Legally, the Arbitration Rules provide that ord 42 of ch 1 of the Rules should apply ‘so far as is practicable’.[12] Order 42 of the Rules does not require, and it is not the practice for, notice to be given to other parties prior to the issue of a subpoena. In fact, there is less reason to put other parties or the addressee on notice in an application for leave to issue a subpoena in arbitration proceedings because the tribunal has already considered the matter and given permission. As noted in the previous paragraph, under the Rules, a party or any person having a sufficient interest may apply to set aside the subpoena, but are not usually given the opportunity to oppose the issue of the subpoena
[12]Supreme Court (Miscellaneous Civil Proceedings) Rules2018 (Vic) r 9.14(8).
Accordingly, for the purpose of minimising cost and delay in the arbitral process, it will usually be appropriate for the Court to determine the application for leave to issue the subpoena ex parte on the papers. Of course, nothing I have said is intended to suggest there is a limitation on the discretion of the Court, in an appropriate case, to require notice to be given of the application.
Conclusion
After reading the affidavits in support and the permissions of the Arbitrator, I am satisfied of compliance with the relevant section and rule, and that it is reasonable for the subpoenas to be issued. In the present application the Applicant and Respondent did appear at the brief hearing of the matter and facilitated its disposition by agreement on the form of orders sought to be made.
Orders
I therefore order as follows:
1.Pursuant to s 27A of the CAA, the Applicant have leave to issue the Luoda Subpoena, in the form annexed to the orders dated 20 October 2023 (‘the Orders’), to Luoda.
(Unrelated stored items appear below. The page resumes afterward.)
(* Let $\beta=(\beta_n)_{n\ge0}$ be a bounded sequence of positive numbers with a polynomial minoration. Assume that for every $\delta>0$ there exists $C=C(\delta)>0$ such that $\beta_m\le C\beta_n$ whenever $m>(1+\delta)n$. Then for every symbol $\phi$ with $\phi(0)=0$, the composition operator $C_\phi$ is bounded on $H^2(\beta)$.
   Context: $H^2(\beta)$ is the Hilbert space of analytic functions $f(z)=\sum_{n\ge0}a_nz^n$ on the unit disk $\mathbb D$ with $\|f\|^2=\sum_{n\ge0}|a_n|^2\beta_n<\infty$. A symbol is a non-constant analytic map $\phi:\mathbb D\to\mathbb D$ and $C_\phi f=f\circ\phi$. $\beta$ has a polynomial minoration if there are constants $\delta,\alpha>0$ with $\beta_n\ge\delta n^{-\alpha}$ for all $n\ge1$. *)

theory Defs
  imports "HOL-Analysis.Analysis"
begin

definition taylor_coeff :: "(complex \<Rightarrow> complex) \<Rightarrow> nat \<Rightarrow> complex" where
  "taylor_coeff f n = (deriv ^^ n) f 0 / of_nat (fact n)"

definition H2 :: "(nat \<Rightarrow> real) \<Rightarrow> (complex \<Rightarrow> complex) set" where
  "H2 \<beta> = {f. f holomorphic_on ball 0 1 \<and>
               summable (\<lambda>n. (cmod (taylor_coeff f n))\<^sup>2 * \<beta> n)}"

definition H2_norm :: "(nat \<Rightarrow> real) \<Rightarrow> (complex \<Rightarrow> complex) \<Rightarrow> real" where
  "H2_norm \<beta> f = sqrt (\<Sum>n. (cmod (taylor_coeff f n))\<^sup>2 * \<beta> n)"

definition symbol :: "(complex \<Rightarrow> complex) \<Rightarrow> bool" where
  "symbol \<phi> \<longleftrightarrow> \<phi> holomorphic_on ball 0 1 \<and> \<phi> ` ball 0 1 \<subseteq> ball 0 1 \<and>
     \<not> (\<exists>c. \<forall>z\<in>ball 0 1. \<phi> z = c)"

definition comp_op_bounded :: "(nat \<Rightarrow> real) \<Rightarrow> (complex \<Rightarrow> complex) \<Rightarrow> bool" where
  "comp_op_bounded \<beta> \<phi> \<longleftrightarrow>
     (\<forall>f\<in>H2 \<beta>. f \<circ> \<phi> \<in> H2 \<beta>) \<and>
     (\<exists>C. \<forall>f\<in>H2 \<beta>. H2_norm \<beta> (f \<circ> \<phi>) \<le> C * H2_norm \<beta> f)"

definition polynomial_minoration :: "(nat \<Rightarrow> real) \<Rightarrow> bool" where
  "polynomial_minoration \<beta> \<longleftrightarrow>
     (\<exists>\<delta>>0. \<exists>\<alpha>>0. \<forall>n\<ge>1. \<beta> n \<ge> \<delta> * real n powr (-\<alpha>))"

end

(*
  Write f = \<Sum> a\<^sub>k z\<^sup>k. By Schwarz's lemma \<phi> is either a rotation, for which C\<^sub>\<phi> is an
  isometry, or |\<phi>| \<le> m < 1/2 on |z| = 1/2. In the second case the Cauchy estimates give
  |coefficient n of \<phi>\<^sup>k| \<le> \<theta>\<^sup>k with \<theta> < 1 whenever n \<le> (1 + \<delta>) k. Split f at the degree
  j / (1 + \<delta>): by Littlewood's subordination principle the low-degree part contributes at most
  \<Sum> |a\<^sub>k|\<^sup>2 to the first j + 1 coefficients of f \<circ> \<phi>, and the high-degree part at most
  \<Sum> |a\<^sub>k|\<^sup>2 k\<^sup>2 \<theta>\<^sup>2\<^sup>k, which is O(\<Sum> |a\<^sub>k|\<^sup>2 \<beta>\<^sub>k) by the polynomial minoration. Abel summation
  against the decreasing majorant of \<beta>, together with \<beta>\<^sub>m \<le> C \<beta>\<^sub>n for m > (1 + \<delta>) n, turns
  these partial-sum bounds into \<Sum> |c\<^sub>n(f \<circ> \<phi>)|\<^sup>2 \<beta>\<^sub>n \<le> K \<Sum> |a\<^sub>k|\<^sup>2 \<beta>\<^sub>k.
*)

theory Submission
  imports Defs "HOL-Complex_Analysis.Complex_Analysis" "HOL-Real_Asymp.Real_Asymp"
begin

definition cis_turn :: "real \<Rightarrow> complex" where
  "cis_turn x = exp (2 * of_real pi * \<i> * of_real x)"

lemma norm_cis_turn [simp]: "norm (cis_turn x) = 1"
  unfolding cis_turn_def by (simp add: norm_exp_eq_Re)

lemma cis_turn_nonzero [simp]: "cis_turn x \<noteq> 0"
  unfolding cis_turn_def by simp

lemma cnj_cis_turn: "cnj (cis_turn x) = inverse (cis_turn x)"
  unfolding cis_turn_def by (simp add: exp_cnj flip: exp_minus)

lemma continuous_on_cis_turn: "continuous_on S cis_turn"
  unfolding cis_turn_def by (intro continuous_intros)

lemma circlepath_eq_cis_turn: "circlepath 0 r x = of_real r * cis_turn x"
  by (simp add: circlepath cis_turn_def)

lemma taylor_coeff_has_integral_circle:
  assumes holg: "g holomorphic_on ball 0 1" and r: "0 < r" "r < 1"
  shows "((\<lambda>x. g (of_real r * cis_turn x) * cnj (cis_turn x) ^ k)
           has_integral taylor_coeff g k * r ^ k) {0..1}"
proof -
  let ?c = "2 * pi * \<i> / of_real r ^ k"
  have "((\<lambda>u. g u / (u - 0) ^ Suc k) has_contour_integral 2 * pi * \<i> / fact k * (deriv ^^ k) g 0)
          (circlepath 0 r)"
    using r by (intro Cauchy_has_contour_integral_higher_derivative_circlepath
                  holomorphic_on_imp_continuous_on holomorphic_on_subset[OF holg]) auto
  then have "((\<lambda>x. g (circlepath 0 r x) / circlepath 0 r x ^ Suc k *
                 vector_derivative (circlepath 0 r) (at x within {0..1}))
              has_integral ?c * (taylor_coeff g k * r ^ k)) {0..1}"
    using r by (simp add: has_contour_integral_def taylor_coeff_def field_simps)
  moreover have "g (circlepath 0 r x) / circlepath 0 r x ^ Suc k *
                   vector_derivative (circlepath 0 r) (at x within {0..1})
                 = ?c * (g (of_real r * cis_turn x) * cnj (cis_turn x) ^ k)" if "x \<in> {0..1}" for x
  proof -
    have "vector_derivative (circlepath 0 r) (at x within {0..1}) = 2 * pi * \<i> * r * cis_turn x"
      using that vector_derivative_circlepath01[of x 0 r] by (simp add: cis_turn_def)
    then show ?thesis
      using r by (simp add: circlepath_eq_cis_turn cnj_cis_turn field_simps)
  qed
  ultimately have "((\<lambda>x. ?c * (g (of_real r * cis_turn x) * cnj (cis_turn x) ^ k))
                    has_integral ?c * (taylor_coeff g k * r ^ k)) {0..1}"
    by (subst has_integral_cong[symmetric]) auto
  then show ?thesis
    using r by (subst (asm) has_integral_mult_right_iff) auto
qed

lemma taylor_coeff_cong:
  assumes "f holomorphic_on ball 0 1" "g holomorphic_on ball 0 1"
    and "\<And>z. z \<in> ball 0 1 \<Longrightarrow> f z = g z"
  shows "taylor_coeff f n = taylor_coeff g n"
  unfolding taylor_coeff_def
  using higher_deriv_transform_within_open[OF assms(1,2) open_ball _ assms(3), of 0 n] by simp

lemma taylor_coeff_add:
  assumes "f holomorphic_on ball 0 1" "g holomorphic_on ball 0 1"
  shows "taylor_coeff (\<lambda>z. f z + g z) n = taylor_coeff f n + taylor_coeff g n"
  unfolding taylor_coeff_def
  using higher_deriv_add[OF assms open_ball, of 0 n] by (simp add: add_divide_distrib)

lemma taylor_coeff_cmult:
  assumes "f holomorphic_on ball 0 1"
  shows "taylor_coeff (\<lambda>z. c * f z) n = c * taylor_coeff f n"
  unfolding taylor_coeff_def
  using higher_deriv_cmult[OF assms _ open_ball, of 0 n c] by simp

lemma taylor_coeff_0 [simp]: "taylor_coeff (\<lambda>z. 0) n = 0"
proof -
  have "(deriv ^^ n) (\<lambda>z::complex. 0::complex) = (\<lambda>z. 0)"
    by (induction n) auto
  then show ?thesis
    by (simp add: taylor_coeff_def)
qed

lemma taylor_coeff_sum:
  assumes "finite K" "\<And>k. k \<in> K \<Longrightarrow> F k holomorphic_on ball 0 1"
  shows "taylor_coeff (\<lambda>z. \<Sum>k\<in>K. F k z) n = (\<Sum>k\<in>K. taylor_coeff (F k) n)"
  using assms
proof (induction K rule: finite_induct)
  case (insert k K)
  have "(\<lambda>z. \<Sum>k\<in>K. F k z) holomorphic_on ball 0 1"
    using insert by (intro holomorphic_on_sum) auto
  then show ?case
    using insert taylor_coeff_add[of "F k" "\<lambda>z. \<Sum>k\<in>K. F k z"] by simp
qed simp

lemma taylor_coeff_linear_combination:
  fixes L :: nat
  assumes "\<And>k. F k holomorphic_on ball 0 1"
  shows "taylor_coeff (\<lambda>z. \<Sum>k\<le>L. p k * F k z) n = (\<Sum>k\<le>L. p k * taylor_coeff (F k) n)"
proof -
  have "taylor_coeff (\<lambda>z. \<Sum>k\<le>L. p k * F k z) n = (\<Sum>k\<le>L. taylor_coeff (\<lambda>z. p k * F k z) n)"
    by (rule taylor_coeff_sum) (simp_all add: holomorphic_intros assms)
  also have "\<dots> = (\<Sum>k\<le>L. p k * taylor_coeff (F k) n)"
    by (intro sum.cong refl taylor_coeff_cmult assms)
  finally show ?thesis .
qed

lemma taylor_coeff_power: "taylor_coeff (\<lambda>z. z ^ m) n = (if n = m then 1 else 0)"
proof -
  have "(deriv ^^ n) (\<lambda>w. (w - 0) ^ m) 0 = pochhammer (of_nat (Suc m - n)) n * (0 - 0 :: complex) ^ (m - n)"
    by (rule higher_deriv_power)
  then show ?thesis
    by (cases n m rule: linorder_cases)
       (simp_all add: taylor_coeff_def pochhammer_fact[symmetric] pochhammer_0_left)
qed

lemma taylor_series:
  assumes "f holomorphic_on ball 0 1" "w \<in> ball 0 1"
  shows "(\<lambda>k. taylor_coeff f k * w ^ k) sums f w"
  using holomorphic_power_series[OF assms] by (simp add: taylor_coeff_def)

lemma taylor_coeff_power_mult_eq_0:
  assumes hol\<phi>: "\<phi> holomorphic_on ball 0 1" and "\<phi> 0 = 0"
    and "H holomorphic_on ball 0 1" "n < m"
  shows "taylor_coeff (\<lambda>z. \<phi> z ^ m * H z) n = 0"
  unfolding taylor_coeff_def using assms(3,4)
proof (induction m arbitrary: H n)
  case (Suc m H n)
  have hol: "(\<lambda>z. \<phi> z ^ m * H z) holomorphic_on ball 0 1"
    by (intro holomorphic_intros hol\<phi> Suc.prems)
  have "(deriv ^^ n) (\<lambda>z. \<phi> z * (\<phi> z ^ m * H z)) 0 =
      (\<Sum>i = 0..n. of_nat (n choose i) * (deriv ^^ i) \<phi> 0 * (deriv ^^ (n - i)) (\<lambda>z. \<phi> z ^ m * H z) 0)"
    by (rule higher_deriv_mult[OF hol\<phi> hol]) auto
  also have "\<dots> = 0"
  proof (intro sum.neutral ballI)
    fix i assume "i \<in> {0..n}"
    then show "of_nat (n choose i) * (deriv ^^ i) \<phi> 0 * (deriv ^^ (n - i)) (\<lambda>z. \<phi> z ^ m * H z) 0 = 0"
      using Suc.prems Suc.IH[OF Suc.prems(1), of "n - i"] \<open>\<phi> 0 = 0\<close> by (cases "i = 0") auto
  qed
  finally show ?case
    by (simp add: mult.assoc)
qed simp

lemma holomorphic_taylor_remainder:
  assumes holf: "f holomorphic_on ball 0 1"
  obtains h where "h holomorphic_on ball 0 1"
    and "\<And>w. w \<in> ball 0 1 \<Longrightarrow> f w = (\<Sum>k\<le>j. taylor_coeff f k * w ^ k) + w ^ Suc j * h w"
proof
  define a where "a k = taylor_coeff f k" for k
  define h where "h w = (if w = 0 then a (Suc j) else (f w - (\<Sum>k\<le>j. a k * w ^ k)) / w ^ Suc j)" for w
  have "(\<lambda>i. a (i + Suc j) * (w - 0) ^ i) sums h w" if w: "w \<in> ball 0 1" for w
  proof (cases "w = 0")
    case True
    then show ?thesis
      using powser_sums_zero[of "\<lambda>i. a (i + Suc j)"] by (simp add: h_def)
  next
    case False
    have "(\<lambda>i. a (i + Suc j) * w ^ (i + Suc j)) sums (f w - (\<Sum>i<Suc j. a i * w ^ i))"
      using taylor_series[OF holf w] by (subst sums_iff_shift') (simp add: a_def)
    then have "(\<lambda>i. a (i + Suc j) * w ^ (i + Suc j) / w ^ Suc j) sums h w"
      using False unfolding h_def lessThan_Suc_atMost by (simp only: sums_divide if_False)
    moreover have "a (i + Suc j) * w ^ (i + Suc j) / w ^ Suc j = a (i + Suc j) * (w - 0) ^ i" for i
      using False by (simp add: power_add)
    ultimately show ?thesis
      by simp
  qed
  then show "h holomorphic_on ball 0 1"
    by (rule power_series_holomorphic)
  show "f w = (\<Sum>k\<le>j. taylor_coeff f k * w ^ k) + w ^ Suc j * h w" if "w \<in> ball 0 1" for w
  proof (cases "w = 0")
    case True
    then show ?thesis
      by (simp add: sum.atMost_shift taylor_coeff_def)
  qed (simp add: h_def a_def)
qed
2.Pursuant to s 27A of the CAA, the Respondent have leave to issue the Salta Subpoena, in the form annexed to the Orders, to Salta.
3. At the time of service of the subpoena, each of Salta and Luoda is to be:
a. served with an authenticated copy of the Orders; and
b.provided or tendered conduct money, as defined in r 42.01 of the Rules.
4.Exhibit LM-1 to the first Affidavit of Leighton Moon dated 28 August 2023, Confidential Exhibit LM‑2 to the Second Affidavit of Leighton Moon dated 19 October 2023, and Exhibit NMG‑1 to the Affidavit of Nicola McGrady dated 19 October 2023 remain confidential and no person may inspect or obtain a copy of any of those Exhibits without further order of the Court.
5. Pursuant to r 42.11(1) of the Rules, the Applicant pay the reasonable expenses incurred by Luoda in complying with the Luoda Subpoena.
6.Pursuant to r 42.11(1) of the Rules, the Respondent pay the reasonable expenses incurred by Salta in complying with the Salta Subpoena.
7.The costs of this application, the costs of and incidental to the subpoenas, and the amounts payable under paragraphs 5 and 6 of the Orders, are costs reserved in the arbitration.